**WHAT YOU HAVE TO DO**
Everything in the listing below from the line containing "using next_bounds r01[OF Suc.prems(3)] \<gamma>_pos by (intro" through the line containing "j * \<gamma>" must be repeated exactly; the remaining lines are not wanted.

**EXTRACTED DATA**
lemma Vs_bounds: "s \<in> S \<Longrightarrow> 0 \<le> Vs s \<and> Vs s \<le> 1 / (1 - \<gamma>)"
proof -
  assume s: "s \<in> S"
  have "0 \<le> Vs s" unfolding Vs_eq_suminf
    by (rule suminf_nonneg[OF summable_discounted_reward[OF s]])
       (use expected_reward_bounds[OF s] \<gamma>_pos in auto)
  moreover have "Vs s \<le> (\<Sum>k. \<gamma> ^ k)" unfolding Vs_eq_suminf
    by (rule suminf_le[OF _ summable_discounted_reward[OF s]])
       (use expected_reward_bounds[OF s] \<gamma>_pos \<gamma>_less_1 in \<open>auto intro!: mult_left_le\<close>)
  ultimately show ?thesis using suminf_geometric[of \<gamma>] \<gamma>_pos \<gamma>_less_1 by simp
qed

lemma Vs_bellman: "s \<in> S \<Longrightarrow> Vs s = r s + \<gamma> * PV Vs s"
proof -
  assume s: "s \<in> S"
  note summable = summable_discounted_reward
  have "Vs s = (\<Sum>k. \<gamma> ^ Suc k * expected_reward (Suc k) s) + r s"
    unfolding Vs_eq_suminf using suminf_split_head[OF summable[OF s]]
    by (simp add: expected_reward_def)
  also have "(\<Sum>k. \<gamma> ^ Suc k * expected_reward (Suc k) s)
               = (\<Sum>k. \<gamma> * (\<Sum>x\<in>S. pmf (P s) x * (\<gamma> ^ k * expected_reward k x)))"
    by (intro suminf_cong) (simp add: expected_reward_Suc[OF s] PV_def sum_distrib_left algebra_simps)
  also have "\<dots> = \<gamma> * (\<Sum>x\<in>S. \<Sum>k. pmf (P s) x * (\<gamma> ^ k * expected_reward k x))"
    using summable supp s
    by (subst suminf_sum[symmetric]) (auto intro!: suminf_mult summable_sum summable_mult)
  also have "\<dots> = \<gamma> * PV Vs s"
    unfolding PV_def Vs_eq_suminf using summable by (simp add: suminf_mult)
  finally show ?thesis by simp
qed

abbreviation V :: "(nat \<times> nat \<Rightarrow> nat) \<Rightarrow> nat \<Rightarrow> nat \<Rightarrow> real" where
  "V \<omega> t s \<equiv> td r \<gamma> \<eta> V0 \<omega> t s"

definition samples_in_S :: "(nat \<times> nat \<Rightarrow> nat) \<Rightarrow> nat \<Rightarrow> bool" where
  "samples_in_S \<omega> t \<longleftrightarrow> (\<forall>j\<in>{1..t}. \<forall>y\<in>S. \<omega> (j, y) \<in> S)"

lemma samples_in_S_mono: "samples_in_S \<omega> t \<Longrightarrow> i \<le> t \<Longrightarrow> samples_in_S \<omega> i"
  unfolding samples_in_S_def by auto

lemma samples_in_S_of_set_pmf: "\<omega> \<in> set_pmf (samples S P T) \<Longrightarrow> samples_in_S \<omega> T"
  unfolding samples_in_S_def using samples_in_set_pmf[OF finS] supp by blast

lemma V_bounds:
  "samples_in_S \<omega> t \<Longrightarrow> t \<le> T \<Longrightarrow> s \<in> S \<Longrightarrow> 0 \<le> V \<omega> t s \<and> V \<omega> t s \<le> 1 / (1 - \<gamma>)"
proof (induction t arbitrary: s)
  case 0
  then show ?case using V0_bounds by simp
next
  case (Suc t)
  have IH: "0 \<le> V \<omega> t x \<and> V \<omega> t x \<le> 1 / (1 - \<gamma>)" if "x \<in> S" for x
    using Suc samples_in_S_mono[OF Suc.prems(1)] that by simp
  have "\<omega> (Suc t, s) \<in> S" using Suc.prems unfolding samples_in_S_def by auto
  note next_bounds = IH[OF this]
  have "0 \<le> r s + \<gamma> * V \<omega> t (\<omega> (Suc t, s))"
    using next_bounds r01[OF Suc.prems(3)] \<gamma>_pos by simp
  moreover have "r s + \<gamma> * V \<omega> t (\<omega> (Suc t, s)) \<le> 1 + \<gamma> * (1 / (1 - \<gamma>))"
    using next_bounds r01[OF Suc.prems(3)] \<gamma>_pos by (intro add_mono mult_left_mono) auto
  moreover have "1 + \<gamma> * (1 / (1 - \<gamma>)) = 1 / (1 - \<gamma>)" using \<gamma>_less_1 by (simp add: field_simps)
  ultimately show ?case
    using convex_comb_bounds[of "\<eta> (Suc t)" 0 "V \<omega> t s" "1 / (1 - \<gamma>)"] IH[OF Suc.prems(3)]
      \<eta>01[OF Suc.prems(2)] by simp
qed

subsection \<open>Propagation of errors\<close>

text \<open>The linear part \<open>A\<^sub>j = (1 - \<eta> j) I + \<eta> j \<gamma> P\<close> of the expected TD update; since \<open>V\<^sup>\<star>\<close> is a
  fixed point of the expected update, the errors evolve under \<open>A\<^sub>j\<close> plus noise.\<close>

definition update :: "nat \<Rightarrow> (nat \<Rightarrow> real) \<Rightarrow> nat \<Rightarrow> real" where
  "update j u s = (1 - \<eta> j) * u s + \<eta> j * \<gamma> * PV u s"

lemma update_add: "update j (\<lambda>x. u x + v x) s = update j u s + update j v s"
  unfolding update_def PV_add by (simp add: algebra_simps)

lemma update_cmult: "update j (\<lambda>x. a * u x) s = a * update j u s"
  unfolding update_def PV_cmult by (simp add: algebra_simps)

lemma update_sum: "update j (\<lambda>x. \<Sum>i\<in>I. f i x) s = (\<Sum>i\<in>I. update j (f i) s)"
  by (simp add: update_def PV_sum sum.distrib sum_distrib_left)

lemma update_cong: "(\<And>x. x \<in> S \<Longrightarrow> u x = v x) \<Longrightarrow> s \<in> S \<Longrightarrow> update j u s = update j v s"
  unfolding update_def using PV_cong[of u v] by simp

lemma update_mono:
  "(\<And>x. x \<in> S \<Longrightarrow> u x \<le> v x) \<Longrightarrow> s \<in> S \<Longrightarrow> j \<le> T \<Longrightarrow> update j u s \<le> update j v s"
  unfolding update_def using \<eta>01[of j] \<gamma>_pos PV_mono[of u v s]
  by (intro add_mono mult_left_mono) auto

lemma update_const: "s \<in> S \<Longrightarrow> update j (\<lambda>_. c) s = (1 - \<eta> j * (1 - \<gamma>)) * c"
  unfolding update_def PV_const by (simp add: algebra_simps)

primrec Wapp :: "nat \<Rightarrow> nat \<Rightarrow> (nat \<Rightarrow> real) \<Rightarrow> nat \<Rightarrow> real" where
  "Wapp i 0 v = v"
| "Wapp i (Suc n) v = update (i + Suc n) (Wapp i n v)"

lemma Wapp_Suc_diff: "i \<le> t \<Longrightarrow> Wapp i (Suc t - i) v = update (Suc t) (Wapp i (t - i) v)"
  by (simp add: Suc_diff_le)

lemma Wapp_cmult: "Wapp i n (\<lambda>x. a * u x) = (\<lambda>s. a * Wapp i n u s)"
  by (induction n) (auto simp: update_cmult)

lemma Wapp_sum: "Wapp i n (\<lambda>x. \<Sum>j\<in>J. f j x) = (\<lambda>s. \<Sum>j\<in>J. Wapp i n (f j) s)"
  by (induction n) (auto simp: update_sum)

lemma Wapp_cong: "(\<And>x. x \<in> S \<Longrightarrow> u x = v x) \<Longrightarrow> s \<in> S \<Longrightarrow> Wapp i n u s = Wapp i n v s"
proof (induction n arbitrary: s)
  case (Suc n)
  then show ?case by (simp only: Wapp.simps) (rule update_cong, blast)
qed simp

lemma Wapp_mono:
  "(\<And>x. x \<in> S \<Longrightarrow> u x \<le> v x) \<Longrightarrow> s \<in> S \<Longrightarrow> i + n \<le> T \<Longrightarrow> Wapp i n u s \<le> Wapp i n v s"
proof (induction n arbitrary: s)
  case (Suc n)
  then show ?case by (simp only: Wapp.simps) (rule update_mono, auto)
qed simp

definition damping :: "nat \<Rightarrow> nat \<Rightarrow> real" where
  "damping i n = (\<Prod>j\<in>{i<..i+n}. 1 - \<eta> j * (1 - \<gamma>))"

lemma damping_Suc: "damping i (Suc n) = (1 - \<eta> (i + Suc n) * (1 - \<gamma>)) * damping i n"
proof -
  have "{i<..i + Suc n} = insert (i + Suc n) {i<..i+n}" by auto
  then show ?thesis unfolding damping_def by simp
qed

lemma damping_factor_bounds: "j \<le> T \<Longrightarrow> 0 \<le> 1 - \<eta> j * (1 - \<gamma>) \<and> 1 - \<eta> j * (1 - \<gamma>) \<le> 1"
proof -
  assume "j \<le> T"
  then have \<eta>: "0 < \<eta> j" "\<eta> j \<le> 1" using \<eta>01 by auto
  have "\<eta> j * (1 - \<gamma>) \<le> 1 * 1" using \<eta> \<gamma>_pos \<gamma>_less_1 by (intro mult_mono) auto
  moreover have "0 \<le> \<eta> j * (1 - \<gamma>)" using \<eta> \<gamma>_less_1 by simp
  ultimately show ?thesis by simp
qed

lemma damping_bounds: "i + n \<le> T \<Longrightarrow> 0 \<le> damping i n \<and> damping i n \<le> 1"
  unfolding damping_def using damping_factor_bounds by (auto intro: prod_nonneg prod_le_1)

**ANSWER BELOW**
    using next_bounds r01[OF Suc.prems(3)] \<gamma>_pos by (intro add_mono mult_left_mono) auto
  moreover have "1 + \<gamma> * (1 / (1 - \<gamma>)) = 1 / (1 - \<gamma>)" using \<gamma>_less_1 by (simp add: field_simps)
  ultimately show ?case
    using convex_comb_bounds[of "\<eta> (Suc t)" 0 "V \<omega> t s" "1 / (1 - \<gamma>)"] IH[OF Suc.prems(3)]
      \<eta>01[OF Suc.prems(2)] by simp
qed

subsection \<open>Propagation of errors\<close>

text \<open>The linear part \<open>A\<^sub>j = (1 - \<eta> j) I + \<eta> j \<gamma> P\<close> of the expected TD update; since \<open>V\<^sup>\<star>\<close> is a
  fixed point of the expected update, the errors evolve under \<open>A\<^sub>j\<close> plus noise.\<close>

definition update :: "nat \<Rightarrow> (nat \<Rightarrow> real) \<Rightarrow> nat \<Rightarrow> real" where
  "update j u s = (1 - \<eta> j) * u s + \<eta> j * \<gamma> * PV u s"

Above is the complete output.